As COVID-19 spreads, it poses a serious threat to government agencies and decision-makers worldwide [52, 54]. There is a pressing need for effective and safe vaccinations as a result of this continued growth [43]. Public health initiatives to encourage the usage of the vaccine as a means of putting an end to the deadly pandemic might be seriously undermined by external forces that have an influence on the vaccine approval process [16]. Consideration of several psychological and social variables is necessary for the recommended and widespread acceptance of vaccines [106]. Irrespective of vaccination effectiveness, it has been demonstrated that COVID-19’s vaccine allocation for older persons (more than 60 years) resulted in subsequent decrease in mortality [33]. According to a study on the vaccination habits of nurses, nurses’ COVID-19-related job demands were linked to greater work stress and, as a result, a larger intention to get the COVID-19’s vaccine [69]. The COVID-19 pandemic highlights the difficulties that governments and international organizations have in deciding which feasible interventions will be most successful. The best available scientific data, which is often offered by expert opinions and relevant studies, would be combined to create the logical strategic decision [7, 15, 42].

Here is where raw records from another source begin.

(* If a finite connected interval graph $G$ is balanced and $p$-critical (for some $p\ge1$), then $G$ has exactly one basepoint.
   Context: An interval graph is a finite simple graph whose vertices can be assigned (closed, bounded) real intervals $I_v$ so that $v,w$ are adjacent iff $I_v\cap I_w\ne\emptyset$. For such a representation $\alpha$, $\mathrm{imp}_\alpha(z)$ is the number of intervals $I_w$, $w\ne z$, with $I_w\subseteq I_z$; $\mathrm{imp}(\alpha)=\max_z\mathrm{imp}_\alpha(z)$; and the impropriety $\mathrm{imp}(G)$ is the minimum of $\mathrm{imp}(\alpha)$ over all representations. A local component at $z$ is a connected component of $G\setminus\{z\}$; it is exterior iff it contains a vertex not adjacent to $z$. If $z$ has $n$ local components, $\mathrm{wt}(z)$ is the sum of the $n-2$ smallest orders among the non-exterior local components at $z$ ($0$ if $n\le2$), and $\mathrm{wt}(G)=\max_z \mathrm{wt}(z)$. $G$ is balanced iff $\mathrm{wt}(G)=\mathrm{imp}(G)$. If $G$ is balanced, a basepoint of $G$ is a vertex $z$ with $\mathrm{wt}(z)=\mathrm{imp}(G)$. For $p>0$, $G$ is $p$-critical iff $\mathrm{imp}(G)=p$ and every proper induced subgraph of $G$ has impropriety strictly less than $p$. *)

theory Defs
  imports Complex_Main "HOL-Library.Multiset"
begin

text \<open>A finite simple graph is given by a vertex set V and a symmetric irreflexive
adjacency relation E (only its restriction to V matters). Induced subgraphs are
obtained by shrinking V.\<close>

definition simple_graph :: "'a set \<Rightarrow> ('a \<Rightarrow> 'a \<Rightarrow> bool) \<Rightarrow> bool" where
  "simple_graph V E \<longleftrightarrow> finite V \<and> (\<forall>x y. E x y \<longleftrightarrow> E y x) \<and> (\<forall>x. \<not> E x x)"

definition interval_rep :: "'a set \<Rightarrow> ('a \<Rightarrow> 'a \<Rightarrow> bool) \<Rightarrow> ('a \<Rightarrow> real \<times> real) \<Rightarrow> bool" where
  "interval_rep V E I \<longleftrightarrow>
     (\<forall>v\<in>V. fst (I v) \<le> snd (I v)) \<and>
     (\<forall>v\<in>V. \<forall>w\<in>V. v \<noteq> w \<longrightarrow>
        (E v w \<longleftrightarrow> {fst (I v)..snd (I v)} \<inter> {fst (I w)..snd (I w)} \<noteq> {}))"

definition interval_graph :: "'a set \<Rightarrow> ('a \<Rightarrow> 'a \<Rightarrow> bool) \<Rightarrow> bool" where
  "interval_graph V E \<longleftrightarrow> simple_graph V E \<and> (\<exists>I. interval_rep V E I)"

definition imp_at :: "'a set \<Rightarrow> ('a \<Rightarrow> real \<times> real) \<Rightarrow> 'a \<Rightarrow> nat" where
  "imp_at V I z = card {w \<in> V. w \<noteq> z \<and> {fst (I w)..snd (I w)} \<subseteq> {fst (I z)..snd (I z)}}"

definition imp_rep :: "'a set \<Rightarrow> ('a \<Rightarrow> real \<times> real) \<Rightarrow> nat" where
  "imp_rep V I = Max (insert 0 (imp_at V I ` V))"

definition impropriety :: "'a set \<Rightarrow> ('a \<Rightarrow> 'a \<Rightarrow> bool) \<Rightarrow> nat" where
  "impropriety V E = (LEAST k. \<exists>I. interval_rep V E I \<and> imp_rep V I = k)"

definition reach :: "'a set \<Rightarrow> ('a \<Rightarrow> 'a \<Rightarrow> bool) \<Rightarrow> 'a \<Rightarrow> 'a \<Rightarrow> bool" where
  "reach W E = (\<lambda>a b. a \<in> W \<and> b \<in> W \<and> E a b)\<^sup>*\<^sup>*"

definition components :: "'a set \<Rightarrow> ('a \<Rightarrow> 'a \<Rightarrow> bool) \<Rightarrow> 'a set set" where
  "components W E = {{y \<in> W. reach W E x y} | x. x \<in> W}"

definition connected_graph :: "'a set \<Rightarrow> ('a \<Rightarrow> 'a \<Rightarrow> bool) \<Rightarrow> bool" where
  "connected_graph V E \<longleftrightarrow> V \<noteq> {} \<and> (\<forall>x\<in>V. \<forall>y\<in>V. reach V E x y)"

definition local_components :: "'a set \<Rightarrow> ('a \<Rightarrow> 'a \<Rightarrow> bool) \<Rightarrow> 'a \<Rightarrow> 'a set set" where
  "local_components V E z = components (V - {z}) E"

definition exterior :: "('a \<Rightarrow> 'a \<Rightarrow> bool) \<Rightarrow> 'a \<Rightarrow> 'a set \<Rightarrow> bool" where
  "exterior E z C \<longleftrightarrow> (\<exists>v\<in>C. \<not> E z v)"

definition wt_at :: "'a set \<Rightarrow> ('a \<Rightarrow> 'a \<Rightarrow> bool) \<Rightarrow> 'a \<Rightarrow> nat" where
  "wt_at V E z =
     (let LC = local_components V E z;
          n = card LC;
          orders = sorted_list_of_multiset
                     (image_mset card (mset_set {C \<in> LC. \<not> exterior E z C}))
      in sum_list (take (n - 2) orders))"

definition wt :: "'a set \<Rightarrow> ('a \<Rightarrow> 'a \<Rightarrow> bool) \<Rightarrow> nat" where
  "wt V E = Max (insert 0 (wt_at V E ` V))"

definition balanced :: "'a set \<Rightarrow> ('a \<Rightarrow> 'a \<Rightarrow> bool) \<Rightarrow> bool" where
  "balanced V E \<longleftrightarrow> wt V E = impropriety V E"

definition basepoint :: "'a set \<Rightarrow> ('a \<Rightarrow> 'a \<Rightarrow> bool) \<Rightarrow> 'a \<Rightarrow> bool" where
  "basepoint V E z \<longleftrightarrow> balanced V E \<and> z \<in> V \<and> wt_at V E z = impropriety V E"

definition critical :: "nat \<Rightarrow> 'a set \<Rightarrow> ('a \<Rightarrow> 'a \<Rightarrow> bool) \<Rightarrow> bool" where
  "critical p V E \<longleftrightarrow> 0 < p \<and> impropriety V E = p \<and>
     (\<forall>V'. V' \<subset> V \<longrightarrow> impropriety V' E < p)"

end

theory Submission
  imports Defs
begin

(* In a connected interval graph the weight of any vertex z is bounded by the
   impropriety (Lemma wt_at_le_impropriety): in any representation, every local component at z
   is adjacent to z, and at most one of them reaches past the left endpoint of I_z and at most
   one past the right endpoint (such a component contains an interval covering that endpoint,
   and intervals covering a common point are pairwise adjacent).
   Hence all but at most two local components have all their intervals nested inside I_z; these
   are non-exterior, so the n-2 smallest non-exterior orders sum to at most imp(z).

   Uniqueness of the basepoint: if z2 is a basepoint and some other vertex z1 has positive
   weight, then z1 has at least three local components, so two of them, A and B, avoid z2.
   Deleting A leaves a connected proper induced subgraph H in which the local components at
   z2 are those of G, except that the one containing z1 loses A; it stays exterior because it
   still contains B, which is not adjacent to z2.  So wt_H(z2) = wt_G(z2) = p, while
   imp(H) < p by criticality, contradicting the bound above.  Existence is immediate since
   wt(G) = p > 0 is attained. *)


lemma sum_take_sorted_le:
  fixes s :: "nat list"
  assumes "sorted s" "N \<subseteq># mset s" "k \<le> size N"
  shows "sum_list (take k s) \<le> sum_mset N"
  using assms
proof (induction s arbitrary: N k)
  case Nil
  then show ?case by simp
next
  case (Cons x s)
  show ?case
  proof (cases k)
    case 0
    then show ?thesis by simp
  next
    case (Suc k')
    then obtain y where y: "y \<in># N" "x \<le> y" "N - {#y#} \<subseteq># mset s"
    proof (cases "x \<in># N")
      case True
      have "N - {#x#} \<subseteq># mset s"
        using Cons.prems(2) True by (simp add: subset_eq_diff_conv add.commute)
      with True show ?thesis using that by blast
    next
      case False
      from Suc Cons.prems(3) obtain y where "y \<in># N" by (cases N) auto
      have Ns: "N \<subseteq># mset s"
        using Cons.prems(2) False
        by (metis diff_single_trivial subset_eq_diff_conv add_mset_add_single add.commute mset.simps(2))
      then have "y \<in> set s" using \<open>y \<in># N\<close> mset_subset_eqD by fastforce
      then have "x \<le> y" using Cons.prems(1) by simp
      moreover have "N - {#y#} \<subseteq># mset s"
        using Ns by (rule subset_mset.order_trans[OF diff_subset_eq_self])
      ultimately show ?thesis using that \<open>y \<in># N\<close> by blast
    qed
    have "k' \<le> size (N - {#y#})" using Cons.prems(3) Suc y(1) by (simp add: size_Diff_singleton)
    then have "sum_list (take k' s) \<le> sum_mset (N - {#y#})"
      using Cons.IH[OF _ y(3)] Cons.prems(1) by simp
    moreover have "sum_mset N = y + sum_mset (N - {#y#})" using y(1) by (rule sum_mset.remove)
    ultimately show ?thesis using Suc y(2) by simp
  qed
qed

The ideal course of action is for the decision-makers to consult vaccination experts in addition to experts in other disciplines, such as for analysing cost-analysis and social-factors. Depending on the characteristics of the system and other important factors, a decision may require a certain group of experts [73]. The choice of vaccination by the public can undoubtedly be influenced by media coverage, but decision-makers’ views should not be impacted by it [1].

6 Conclusion

This chapter provided a novel hybrid MCDM framework to identify variables and sub-variables that are responsible for COVID-19’s transmission. In order to rank the significant variables that contribute to spreading of COVID-19, an effort was made by combining both the ‘Best-Worst-Method (BWM)’ and ‘Step-Wise Assessment and Ratio-Analysis (SWARA)’ methods establishing a hybrid MCDM framework. Apart from this, it also analysed the existing available vaccines preferences among the Indian community. A ‘safe and healthy’ environment can be achieved by revising healthcare plans and policies in light of the results and underlying consequences. This work has several shortcomings despite these original contributions; thus, it provides some suggestions for further research. First of all, because COVID-19 is a novel virus that may transmit in a variety of ways, virology and observational studies are still in their infancy. The analysis can be repeated in the future with the addition of new variables and sub-variables that affect COVID-19’s transmission.